而今,她的孙儿竟告知,这位被认定陨落一百三十年的绝世人物,成了他的梦中师尊?更授以蜀山秘传剑诀,托付了剑心?!
朱氏只觉一股寒气自足底直冲天灵,遍体生凉,如坠冰窟!她目光死死锁在伯言掌中那枚散发着神秘蓝芒的剑心之上,心中掀起前所未有的惊涛骇浪:
“凌虚真人……是他……竟是他……他亦……亦被幽煌霸君所败……吞噬?!其英灵……也被封入玄玉之中,随那力量……一同转寄于言儿体内?!”
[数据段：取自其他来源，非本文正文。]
text \<open>For positive times the function \<open>p \<mapsto> J\<^sup>*(p) + \<Sum>\<^sub>j t\<^sub>j H\<^sub>j(p)\<close> is lower
  semicontinuous, strictly convex and superlinear, so its conjugate, the Hopf value
  \<open>y \<mapsto> S\<^sub>H(y, t)\<close>, is differentiable and its gradient is the unique maximiser in the Hopf formula.
  Comparing the maximiser \<open>p\<^sub>k\<close> at \<open>(x\<^sub>k, t\<^sub>k)\<close> with a subgradient \<open>p\<^sub>0\<close> of \<open>J\<close> at \<open>x\<close>, for which
  \<open>J\<^sup>*(p\<^sub>0) = \<langle>p\<^sub>0, x\<rangle> - J(x)\<close>, gives
  \<open>0 \<le> J\<^sup>*(p\<^sub>k) - \<langle>p\<^sub>k, x\<rangle> + J(x) \<le> \<Sum>\<^sub>j t\<^sub>j\<^sub>,\<^sub>k (\<langle>p\<^sub>k - p\<^sub>0, v\<^sub>j\<^sub>,\<^sub>k\<rangle> - H\<^sub>j(p\<^sub>k) + H\<^sub>j(p\<^sub>0))\<close>.
  By coercivity every summand is bounded above, the one with \<open>j = 1\<close> even by a constant minus
  \<open>|p\<^sub>k|\<close>; since the ratios \<open>t\<^sub>j\<^sub>,\<^sub>k / t\<^sub>1\<^sub>,\<^sub>k\<close> are bounded, so is \<open>|p\<^sub>k|\<close>, and since \<open>t\<^sub>j\<^sub>,\<^sub>k \<rightarrow> 0\<close>
  the right-hand side tends to \<open>0\<close>. Lower semicontinuity of \<open>J\<^sup>*\<close> then gives
  \<open>J\<^sup>*(q) \<le> \<langle>q, x\<rangle> - J(x)\<close> at every cluster point \<open>q\<close>, i.e. \<open>q \<in> \<partial>J(x)\<close>.
  Only \<open>J\<^sup>*\<close> enters.\<close>

lemma ereal_real_minus_le_iff: "F \<noteq> -\<infinity> \<Longrightarrow> ereal a - F \<le> ereal c \<longleftrightarrow> ereal (a - c) \<le> F"
  by (cases F) auto

lemma ereal_le_real_minus_iff: "F \<noteq> -\<infinity> \<Longrightarrow> ereal c \<le> ereal a - F \<longleftrightarrow> F \<le> ereal (a - c)"
  by (cases F) auto

lemma ereal_less_real_minus_iff: "F \<noteq> -\<infinity> \<Longrightarrow> ereal c < ereal a - F \<longleftrightarrow> F < ereal (a - c)"
  by (cases F) auto

lemma GDERIV_unique:
  assumes "GDERIV f y :> g1" "GDERIV f y :> g2" shows "g1 = g2"
proof -
  have "(\<lambda>h. h \<bullet> g1) = (\<lambda>h. h \<bullet> g2)"
    using has_derivative_unique assms unfolding gderiv_def by blast
  then have "(g1 - g2) \<bullet> (g1 - g2) = 0" by (metis inner_diff_right right_minus_eq)
  then show ?thesis by simp
qed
此一认知带来的冲击,远比屋舍被毁剧烈千百倍!一位百三十年前臻至化神巅峰的顶尖大能!连这般存在,竟也成了幽煌霸君力量的“养分”与“囚徒”?!那玄玉之内、那封印深处,这漫长岁月以来……究竟吞噬、禁锢了多少如凌虚真人这般惊才绝艳、曾叱咤风云的绝世强者?!
自龙家初代宗主龙腾武始,四代宗主、龙星武……再加眼前这位凌虚真人!此仅冰山一角否?那幽煌霸君全盛时期之力,究竟可怖至何等地步?!伯言体内所承载的,远非单一“隐患”,更像是一座埋葬了无数辉煌与绝望的……英灵殿堂,抑或怨魂古冢!
巨大的惊惧与无边的寒意,瞬间攫紧了朱氏的心脏,令她几难喘息。她望着眼前尚不知晓此中可怖、犹自因得师传承而目露光华的孙儿,只觉前路一片昏黑,那守护的重担,沉甸得令她几乎欲屈膝跪地。